Ainsi cette vibrante lettre deviendra le script d'un film d’une minute qui témoigne d’un message d’espoir et d’amour d’une petite fille qui va naître à la femme qu’elle deviendra. À l’instar du film, elle met en avant ce premier cri, symbole de la naissance et du champ des possibles. Et celle qui donne vie à ces mots est Zar Amir. Actrice, productrice et réalisatrice d'origine franco-iranienne, elle a tout de suite répondu présente pour donner de sa voix. « J’avais déjà en ligne de mire Zar car je l'avais entendue sur France Info, j’ai trouvé sa voix percutante », se remémore la fondatrice de Hope, Barka Zerouali. Pour donner une portée internationale à ce film, l’actrice a réalisé une version en français sous-titrée en anglais et une version en farsi.

Lever le voile

À l’écran, l’image a elle aussi son importance, on y voit une femme habillée d’un voile léger, presque transparent, qui avec les secondes se retire pour ériger en majesté un ventre arrondi. « Je pense que la meilleure façon d’illustrer le contenu de cette lettre était d’évoquer un bébé sans montrer un fœtus, il fallait ramener le message à quelque chose d’essentiel. Je ne voulais pas non plus commencer par un visage, c’est pourquoi le film commence sur un nombril sous un textile. Globalement, la volonté était de ne pas rentrer dans quelque chose de trop illustratif », traduit Bruno Aveillan. 

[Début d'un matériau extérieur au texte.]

lemma mixed_interp_segment_cases:
  assumes j: "j < J" and y: "x j \<le> y" "y \<le> x (Suc j)"
  shows "mixed_interp x J d u y = d j \<and> 0 \<le> (y - x j) * (u j - d j)
       \<or> mixed_interp x J d u y = d (Suc j) \<and> 0 \<le> (x (Suc j) - y) * (d (Suc j) - u j)
       \<or> mixed_interp x J d u y = u j \<and> d (Suc j) \<le> u j \<and> u j \<le> d j"
proof -
  consider "y = x j" | "y = x (Suc j)" | "x j < y" "y < x (Suc j)"
    using y by linarith
  then show ?thesis
  proof cases
    case 3
    then have "mixed_interp x J d u y
        = (if d j \<le> u j then d j else if u j \<le> d (Suc j) then d (Suc j) else u j)"
      using open_segment_not_node[OF j 3] open_segment_index[OF j 3]
      by (auto simp: mixed_interp_def Let_def)
    then show ?thesis using 3 by auto
  qed (use mixed_interp_node j in auto)
qed

lemma mixed_interp_node_bound:
  fixes F G d :: "nat \<Rightarrow> real"
  assumes grid: "\<forall>j\<le>J. \<forall>k\<le>J. 0 \<le> F j + G k + (x k - x j) * d j"
    and j: "j < J" and y: "x j \<le> y" "y \<le> x (Suc j)" and k: "k \<le> J"
  defines "u \<equiv> \<lambda>j. (F (Suc j) - F j) / (x (Suc j) - x j)"
  shows "0 \<le> ext_interp x J F y + G k + (x k - y) * mixed_interp x J d u y"
proof -
  have F_y: "ext_interp x J F y = F j + (y - x j) * u j"
    using ext_interp_segment[OF j y] by (simp add: u_def)
  have "x j < x (Suc j)" using x_step j by simp
  then have F_Suc: "F (Suc j) = F j + (x (Suc j) - x j) * u j"
    by (simp add: u_def)
  have at_j: "0 \<le> F j + G k + (x k - x j) * d j"
    using grid j k by simp
  have at_Suc: "0 \<le> F (Suc j) + G k + (x k - x (Suc j)) * d (Suc j)"
    using grid j k by simp
  consider (left) "mixed_interp x J d u y = d j" "0 \<le> (y - x j) * (u j - d j)"
    | (right) "mixed_interp x J d u y = d (Suc j)" "0 \<le> (x (Suc j) - y) * (d (Suc j) - u j)"
    | (slope) "mixed_interp x J d u y = u j" "d (Suc j) \<le> u j" "u j \<le> d j"
    using mixed_interp_segment_cases[OF j y] by blast
  then show ?thesis
  proof cases
    case left
    then have "ext_interp x J F y + G k + (x k - y) * mixed_interp x J d u y
        = (F j + G k + (x k - x j) * d j) + (y - x j) * (u j - d j)"
      by (simp add: F_y algebra_simps)
    then show ?thesis using at_j left by linarith
  next
    case right
    then have "ext_interp x J F y + G k + (x k - y) * mixed_interp x J d u y
        = (F (Suc j) + G k + (x k - x (Suc j)) * d (Suc j)) + (x (Suc j) - y) * (d (Suc j) - u j)"
      by (simp add: F_y F_Suc algebra_simps)
    then show ?thesis using at_Suc right by linarith
  next
    case slope
    \<comment> \<open>the expression is now affine in \<open>y\<close>, and \<open>x\<^sub>k\<close> lies outside \<open>(x\<^sub>j, x\<^sub>j\<^sub>+\<^sub>1)\<close>\<close>
    then have expr: "ext_interp x J F y + G k + (x k - y) * mixed_interp x J d u y
        = F j + G k + (x k - x j) * u j"
      by (simp add: F_y algebra_simps)
    show ?thesis
    proof (cases "k \<le> j")
      case True
      then have "(x k - x j) * d j \<le> (x k - x j) * u j"
        using x_le[of k j] j slope by (intro mult_left_mono_neg) auto
      then show ?thesis using expr at_j by linarith
    next
      case False
      then have "(x k - x (Suc j)) * d (Suc j) \<le> (x k - x (Suc j)) * u j"
        using x_le[of "Suc j" k] k slope by (intro mult_left_mono) auto
      moreover have "F j + G k + (x k - x j) * u j = F (Suc j) + G k + (x k - x (Suc j)) * u j"
        by (simp add: F_Suc algebra_simps)
      ultimately show ?thesis using expr at_Suc by linarith
    qed
  qed
qed

lemma mixed_slope_node_bound:
  fixes F G d :: "nat \<Rightarrow> real"
  assumes grid: "\<forall>j\<le>J. \<forall>k\<le>J. 0 \<le> F j + G k + (x k - x j) * d j"
    and k: "k \<le> J" and y: "0 \<le> y"
  shows "0 \<le> ext_interp x J F y + G k + (x k - y) * mixed_slope x J F d y"
proof (cases "y \<le> x J")
  case True
  then obtain j where "j < J" "x j \<le> y" "y \<le> x (Suc j)"
    using segment_of_point y by blast
  then show ?thesis
    using mixed_interp_node_bound[OF grid _ _ _ k] True by (simp add: mixed_slope_def)
next
  case False
  define m where "m = min (d J) (F (Suc J))"
  have "ext_interp x J F y + G k + (x k - y) * mixed_slope x J F d y
      = (F J + G k + (x k - x J) * m) + (y - x J) * (F (Suc J) - m)"
    using False by (simp add: mixed_slope_def ext_interp_tail m_def algebra_simps)
  moreover have "(x k - x J) * d J \<le> (x k - x J) * m"
    using x_le[OF k] by (intro mult_left_mono_neg) (auto simp: m_def)
  moreover have "0 \<le> (y - x J) * (F (Suc J) - m)"
    using False by (simp add: m_def)
  moreover have "0 \<le> F J + G k + (x k - x J) * d J"
    using grid k by simp
  ultimately show ?thesis by linarith
qed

Le réalisateur a également fait le choix de mettre l'image en noir et blanc – peaufinée par la boîte de production Quad –, une manière de se recentrer sur l’essentiel, et de ne laisser place qu’à l’émotion qui transpire dans ce film. « Le noir et blanc peut aussi être vu comme une symbolique de la noirceur que vivent ces femmes », ajoute-t-il. En revanche, le collectif tient à rappeler que l’idée du voile n’a pas pour vocation à délivrer un message religieux ou politique. Au contraire, leur message se veut universel. « C’est un hommage poétique à la force irrépressible de la vie qui caractérise la résilience et la détermination de la jeunesse iranienne. Il exprime le désir ardent et légitime de liberté, qui permettrait à toutes les femmes de danser, chanter, étudier, aimer selon leur propre volonté », avance Barka Zerouali. « Les noms des femmes citées dans le film renforcent le message d'unité et de solidarité entre les femmes iraniennes », poursuit Laurie Lacourt. Une ode aux femmes et à la liberté appuyée par l’air de la révolte italienne « Bella Ciao ». Le son, utilisé dans sa forme originale, a été retravaillé par la société de production The Dog.

Plus qu'un film

Si le projet aura mis un an avant de voir le jour, le résultat ne s’est pas fait attendre. Le film a été vu plus de 100 000 fois moins de 24 heures après la publication du film sur YouTube et les réseaux sociaux. Avec une communauté de 125 000 abonnés sur son compte Instagram, Bruno Aveillan rapporte qu’après avoir publié la vidéo, 3000 personnes l’ont partagée le jour même. « Évidemment, l’idée n’est pas de s’arrêter là ! Ce n’est pas juste un coup, ni un film de pub. Le film doit continuer à vivre », tient à rappeler le collectif. Selon Bouchra Rejani, l'objectif final serait « de proposer aux grandes instances de recevoir des associations pour porter la voix des femmes iraniennes et des femmes en général ». De son côté, Mediatransports a accepté de diffuser gratuitement l'affiche du film dans certaines stations du métro parisien. Si tout le monde n’a pas pu prendre la parole pour raconter ce film, tous ont répondu présent pour participer à ce grand projet de soutien « afin de montrer qu’on ne les oublie pas »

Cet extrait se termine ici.